• **Task requirements**
For each line in the data below that has the word "equiv", copy that line.
** Opening Records shown block **
(* Every instance of the axiom schema (K1) $\Box(\alpha\to\beta)\to(\Diamond\alpha\to\Diamond\beta)$ is derivable in ${\bf Tmd}$.
   Context: Formulas are built from a denumerable set of propositional variables by the unary connectives $\neg$, $\Box$ and the binary connective $\to$; $For$ is the set of all formulas; $\Diamond\alpha:=\neg\Box\neg\alpha$. ${\bf Tmd}$ is the Hilbert calculus whose axioms are all instances (over $For$) of the axiom schemas of a standard Hilbert calculus for classical propositional logic in the signature $\{\neg,\to\}$, plus all instances of: (K) $\Box(\alpha\to\beta)\to(\Box\alpha\to\Box\beta)$; (Kdet) $\Box(\alpha\to\beta)\to(\Diamond\alpha\to\Box\beta)$; (K2) $\Diamond(\alpha\to\beta)\to(\Box\alpha\to\Diamond\beta)$; (M1) $\neg\Diamond\alpha\to\Box(\alpha\to\beta)$; (M2) $\Box\beta\to\Box(\alpha\to\beta)$; (M3) $\Diamond\beta\to\Diamond(\alpha\to\beta)$; (M4) $\Diamond\neg\alpha\to\Diamond(\alpha\to\beta)$; (T) $\Box\alpha\to\alpha$; (DN1) $\Box\alpha\to\Box\neg\neg\alpha$; (DN2) $\Box\neg\neg\alpha\to\Box\alpha$; modus ponens is the only inference rule. *)

theory Defs
  imports Main
begin

datatype fm =
    Var nat
  | Neg fm
  | Box fm
  | Imp fm fm

definition Dia :: "fm \<Rightarrow> fm" where
  "Dia a = Neg (Box (Neg a))"

inductive Axiom :: "fm \<Rightarrow> bool" where
  A1: "Axiom (Imp a (Imp b a))"
| A2: "Axiom (Imp (Imp a (Imp b c)) (Imp (Imp a b) (Imp a c)))"
| A3: "Axiom (Imp (Imp (Neg a) (Neg b)) (Imp b a))"
| K: "Axiom (Imp (Box (Imp a b)) (Imp (Box a) (Box b)))"
| Kdet: "Axiom (Imp (Box (Imp a b)) (Imp (Dia a) (Box b)))"
| K2: "Axiom (Imp (Dia (Imp a b)) (Imp (Box a) (Dia b)))"
| M1: "Axiom (Imp (Neg (Dia a)) (Box (Imp a b)))"
| M2: "Axiom (Imp (Box b) (Box (Imp a b)))"
| M3: "Axiom (Imp (Dia b) (Dia (Imp a b)))"
| M4: "Axiom (Imp (Dia (Neg a)) (Dia (Imp a b)))"
| T: "Axiom (Imp (Box a) a)"
| DN1: "Axiom (Imp (Box a) (Box (Neg (Neg a))))"
| DN2: "Axiom (Imp (Box (Neg (Neg a))) (Box a))"

inductive Tmd :: "fm \<Rightarrow> bool" where
  ax: "Axiom a \<Longrightarrow> Tmd a"
| mp: "Tmd a \<Longrightarrow> Tmd (Imp a b) \<Longrightarrow> Tmd b"

end

theory Submission
  imports Defs
begin

(* Kdet turns \<Box>(\<alpha> \<rightarrow> \<beta>) into \<Diamond>\<alpha> \<rightarrow> \<Box>\<beta>, and \<Box>\<beta> \<rightarrow> \<Diamond>\<beta> holds because T gives
   both \<Box>\<beta> \<rightarrow> \<beta> and, applied to \<not>\<beta> and contraposed, \<beta> \<rightarrow> \<Diamond>\<beta>. *)

lemma Tmd_A1: "Tmd (Imp a (Imp b a))"
  by (intro Tmd.ax Axiom.A1)

lemma Tmd_A2: "Tmd (Imp (Imp a (Imp b c)) (Imp (Imp a b) (Imp a c)))"
  by (intro Tmd.ax Axiom.A2)

lemma Tmd_A3: "Tmd (Imp (Imp (Neg a) (Neg b)) (Imp b a))"
  by (intro Tmd.ax Axiom.A3)

lemma Tmd_T: "Tmd (Imp (Box a) a)"
  by (intro Tmd.ax Axiom.T)

lemma Tmd_Kdet: "Tmd (Imp (Box (Imp a b)) (Imp (Dia a) (Box b)))"
  by (intro Tmd.ax Axiom.Kdet)

lemma Tmd_imp_self: "Tmd (Imp a a)"
  by (rule Tmd.mp[OF Tmd_A1 Tmd.mp[OF Tmd_A1 Tmd_A2[of a "Imp a a" a]]])

lemma Tmd_imp_prefix: "Tmd (Imp b c) \<Longrightarrow> Tmd (Imp (Imp a b) (Imp a c))"
  by (rule Tmd.mp[OF Tmd.mp[OF _ Tmd_A1] Tmd_A2])

lemma Tmd_imp_trans: "Tmd (Imp a b) \<Longrightarrow> Tmd (Imp b c) \<Longrightarrow> Tmd (Imp a c)"
  by (rule Tmd.mp[OF _ Tmd_imp_prefix])

lemma Tmd_contrapos: "Tmd (Imp (Neg a) (Neg b)) \<Longrightarrow> Tmd (Imp b a)"
  by (rule Tmd.mp[OF _ Tmd_A3])

lemma Tmd_Neg_Neg_elim: "Tmd (Imp (Neg (Neg a)) a)"
proof -
  have "Tmd (Imp (Neg (Neg a)) (Imp (Neg (Neg (Neg (Neg a)))) (Neg (Neg a))))"
    by (rule Tmd_A1)
  then have "Tmd (Imp (Neg (Neg a)) (Imp (Neg a) (Neg (Neg (Neg a)))))"
    by (rule Tmd_imp_trans[OF _ Tmd_A3])
  then have "Tmd (Imp (Neg (Neg a)) (Imp (Neg (Neg a)) a))"
    by (rule Tmd_imp_trans[OF _ Tmd_A3])
  then have "Tmd (Imp (Imp (Neg (Neg a)) (Neg (Neg a))) (Imp (Neg (Neg a)) a))"
    by (rule Tmd.mp[OF _ Tmd_A2])
  then show ?thesis
    by (rule Tmd.mp[OF Tmd_imp_self])
qed

lemma Tmd_imp_Dia: "Tmd (Imp a (Dia a))"
  unfolding Dia_def
  by (rule Tmd_contrapos[OF Tmd_imp_trans[OF Tmd_Neg_Neg_elim Tmd_T]])

lemma Tmd_Box_imp_Dia: "Tmd (Imp (Box a) (Dia a))"
  by (rule Tmd_imp_trans[OF Tmd_T Tmd_imp_Dia])

theorem mainTheorem12:
  shows "\<forall>a b. Tmd (Imp (Box (Imp a b)) (Imp (Dia a) (Dia b)))"
proof (intro allI)
  fix a b
  have "Tmd (Imp (Imp (Dia a) (Box b)) (Imp (Dia a) (Dia b)))"
    by (rule Tmd_imp_prefix[OF Tmd_Box_imp_Dia])
  then show "Tmd (Imp (Box (Imp a b)) (Imp (Dia a) (Dia b)))"
    by (rule Tmd_imp_trans[OF Tmd_Kdet])
qed

end
lemma bubble_sum_interaction_le:
  fixes n :: nat and \<tau> R :: real and \<mu> d :: "'i \<Rightarrow> real"
  defines "p \<equiv> crit_exp n - 1"
    and "e \<equiv> (real n - 2) / 2 * (1 - 1 / (crit_exp n - 1))"
  assumes n: "n \<ge> 3" and I: "finite I" "I \<noteq> {}" and \<tau>: "0 < \<tau>" "\<tau> \<le> p"
    and \<mu>: "\<And>i. i \<in> I \<Longrightarrow> 0 < \<mu> i" and d: "\<And>i. i \<in> I \<Longrightarrow> 0 \<le> d i"
    and R: "\<And>i. i \<in> I \<Longrightarrow> \<mu> i + d i \<le> R"
  shows "(\<Sum>i\<in>I. bubble n (\<mu> i) (d i)) powr (p - \<tau>)
           * (\<Sum>i\<in>I. Theta n (\<mu> i + d i) * bubble n (\<mu> i) (d i)) powr \<tau>
         \<le> (2 * (1 + R + R\<^sup>2) * (\<Sum>i\<in>I. interaction_rate (2 * (real n * (real n - 2))) e R (\<mu> i)))
               powr \<tau> * real (card I) powr p
           * ((\<Sum>i\<in>I. bubble n (\<mu> i) (d i)) + (\<Sum>i\<in>I. bubble n (\<mu> i) (d i) powr p))"
proof -
  define B where "B i = bubble n (\<mu> i) (d i)" for i
  define A where "A = (\<Sum>i\<in>I. B i)"
  define r where "r i = (1 + R + R\<^sup>2) * interaction_rate (2 * (real n * (real n - 2))) e R (\<mu> i)" for i
  define S where "S = (\<Sum>i\<in>I. r i)"
  have p: "1 < p"
    using crit_exp_gt_2[OF n] by (simp add: p_def)
  have "0 \<le> R"
    using I \<mu> d R by (fastforce intro: add_nonneg_nonneg)
  then have r0: "0 \<le> r i" for i
    by (simp add: r_def interaction_rate_nonneg)
  have B: "0 < B i" if "i \<in> I" for i
    using bubble_pos[OF n \<mu>[OF that]] by (simp add: B_def)
  have A: "0 < A"
    using B I by (simp add: A_def sum_pos)
  have BA: "B i \<le> A" if "i \<in> I" for i
    unfolding A_def using I(1) that B by (intro member_le_sum) (auto intro: less_imp_le)
  have "Theta n (\<mu> i + d i) * B i \<le> r i * (A + A powr (1/p))" if i: "i \<in> I" for i
  proof -
    have "Theta n (\<mu> i + d i) * B i \<le> r i * (B i + B i powr (1/p))"
      using Theta_mult_bubble_le[OF n \<mu>[OF i] d[OF i] R[OF i]] by (simp add: B_def r_def e_def p_def)
    also have "\<dots> \<le> r i * (A + A powr (1/p))"
      using BA[OF i] B[OF i] p r0[of i] by (intro mult_left_mono add_mono powr_mono2) auto
    finally show ?thesis .
  qed
  then have T: "(\<Sum>i\<in>I. Theta n (\<mu> i + d i) * B i) \<le> S * (A + A powr (1/p))"
    unfolding S_def sum_distrib_right by (rule sum_mono)
  have "0 \<le> Theta n (\<mu> i + d i) * B i" if "i \<in> I" for i
    using Theta_nonneg[of "\<mu> i + d i" n] \<mu>[OF that] d[OF that] B[OF that] by simp
  then have T0: "0 \<le> (\<Sum>i\<in>I. Theta n (\<mu> i + d i) * B i)"
    by (rule sum_nonneg)
  have S0: "0 \<le> S"
    using r0 by (simp add: S_def sum_nonneg)
  have "A powr (p - \<tau>) * (\<Sum>i\<in>I. Theta n (\<mu> i + d i) * B i) powr \<tau> \<le> (2 * S) powr \<tau> * (A + A powr p)"
    by (rule powr_interpolation_le[OF A T0 \<tau> p S0 T])
  also have "\<dots> \<le> (2 * S) powr \<tau> * (real (card I) powr p * (A + (\<Sum>i\<in>I. B i powr p)))"
  proof (rule mult_left_mono)
    have "1 \<le> real (card I) powr p"
      using I p by (intro ge_one_powr_ge_zero) (auto simp: Suc_le_eq card_gt_0_iff)
    then show "A + A powr p \<le> real (card I) powr p * (A + (\<Sum>i\<in>I. B i powr p))"
      using sum_powr_le_card_powr_mult[OF I(1), of B p] A B p
      by (simp add: A_def distrib_left less_imp_le) (smt (verit) mult_le_cancel_right1)
  qed simp
  finally show ?thesis
    by (simp only: A_def B_def S_def r_def sum_distrib_left mult.assoc)
qed
(* Define $X:\Delta^{\mathrm{re}}\to\mathrm{End}(\mathfrak h^* )$ by $$X(\alpha):=-\alpha\,(\alpha|\cdot)+\tfrac12\,\mathrm{id}_{\mathfrak h^*},\qquad\text{i.e. } X(\alpha)(x)=-(\alpha|x)\alpha+\tfrac12x.$$ Then for all real roots $\alpha,\beta$: $X(\alpha)X(\beta)-X(\beta)X(\alpha)=0$ if $(\alpha|\beta)=0$, and $X(\alpha)X(\beta)+X(\beta)X(\alpha)=X(\alpha\pm\beta)$ if $(\alpha|\beta)=\mp1$. Consequently the assignment $X_i\mapsto X(\alpha_i)\otimes\Gamma(\alpha_i)\in\mathrm{End}(\mathfrak h^*\otimes S)$ extends to a representation $\sigma$ of $\mathfrak k$.
   Context: Let $A=(a_{ij})_{1\le i,j\le n}$ be a symmetrizable simply laced generalized Cartan matrix (off-diagonal entries $0$ or $-1$); the Dynkin diagram has an edge between $i\ne j$ iff $a_{ij}=-1$. Let $\mathfrak g$ be the split real Kac–Moody algebra of $A$ with Chevalley generators $e_i,f_i$, Cartan subalgebra $\mathfrak h$ (from a real realization), simple roots $\alpha_1,\dots,\alpha_n\in\mathfrak h^*$, set of real roots $\Delta^{\mathrm{re}}$, and let $(\cdot|\cdot)$ be the nondegenerate invariant symmetric bilinear form induced on $\mathfrak h^*$, with $(\alpha_i|\alpha_j)=a_{ij}$ (so $(\alpha|\alpha)=2$ for real roots). Let $\mathfrak k$ be the fixed-point subalgebra of the Chevalley involution ($e_i\mapsto -f_i$, $f_i\mapsto-e_i$, $h\mapsto -h$), with Berman generators $X_i=e_i-f_i$; $\mathfrak k$ is presented by generators $X_1,\dots,X_n$ and relations $[X_i,[X_i,X_j]]=-X_j$ if $a_{ij}=-1$, $[X_i,X_j]=0$ if $a_{ij}=0$. A generalized spin representation is a representation $\rho$ of $\mathfrak k$ with $\rho(X_i)^2=-\frac14\mathrm{id}$. Fix a finite-dimensional real vector space $S$ with positive definite inner product and orthonormal basis, and a generalized spin representation $\rho:\mathfrak k\to\mathrm{End}(S)$ whose values $\rho(X_i)$ are anti-symmetric real matrices in this basis (such exist, e.g. by realifying the generalized spin representations with compact image of Hainke–Köhl–Levy); put $\Gamma(\alpha_i):=2\rho(X_i)$. *)

theory Defs
  imports "HOL-Analysis.Analysis"
begin
lemma smooth_on_imp_has_derivative:
  assumes "open U" "smooth_on U T" "y \<in> U"
  shows "(T has_derivative frechet_derivative T (at y)) (at y)"
proof -
  have "T differentiable_on U"
    using assms(2) unfolding smooth_on_def by (metis iter_deriv.simps(1))
  then show ?thesis
    using assms(1,3) by (simp add: differentiable_on_eq_differentiable_at frechet_derivative_works)
qed

lemma smooth_on_imp_linear_frechet_derivative:
  assumes "open U" "smooth_on U T" "y \<in> U"
  shows "linear (frechet_derivative T (at y))"
  using smooth_on_imp_has_derivative[OF assms] has_derivative_linear by blast

lemma smooth_on_imp_differentiable_frechet_derivative:
  assumes "open U" "smooth_on U T" "y \<in> U"
  shows "(\<lambda>z. frechet_derivative T (at z) v) differentiable (at y)"
proof -
  have "iter_deriv [v] T differentiable_on U"
    using assms(2) unfolding smooth_on_def by blast
  then show ?thesis
    using assms(1,3) by (simp add: differentiable_on_eq_differentiable_at)
qed

lemma diffeo_imp_inj_frechet_derivative:
  assumes diffeo: "diffeo U V T" and y: "y \<in> U"
  shows "inj (frechet_derivative T (at y))"
proof -
  have U: "open U" and V: "open V" and bij: "bij_betw T U V"
    and T: "smooth_on U T" and S: "smooth_on V (inv_into U T)"
    using diffeo unfolding diffeo_def by auto
  have "T y \<in> V"
    using bij y bij_betwE by blast
  then obtain DS where DS: "(inv_into U T has_derivative DS) (at (T y))"
    using smooth_on_imp_has_derivative[OF V S] by blast
  have "((\<lambda>z. inv_into U T (T z)) has_derivative (\<lambda>h. DS (frechet_derivative T (at y) h))) (at y)"
    using has_derivative_compose[OF smooth_on_imp_has_derivative[OF U T y] DS] .
  then have "((\<lambda>z. z) has_derivative (\<lambda>h. DS (frechet_derivative T (at y) h))) (at y)"
    by (rule has_derivative_transform_within_open[OF _ U y]) (simp add: bij_betw_inv_into_left[OF bij])
  then have "(\<lambda>h. DS (frechet_derivative T (at y) h)) = (\<lambda>h. h)"
    using has_derivative_unique has_derivative_ident by blast
  then show ?thesis
    by (metis injI)
qed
** Closing Records shown block **
• **Solution**
  defines "p \<equiv> crit_exp n - 1"
    and "e \<equiv> (real n - 2) / 2 * (1 - 1 / (crit_exp n - 1))"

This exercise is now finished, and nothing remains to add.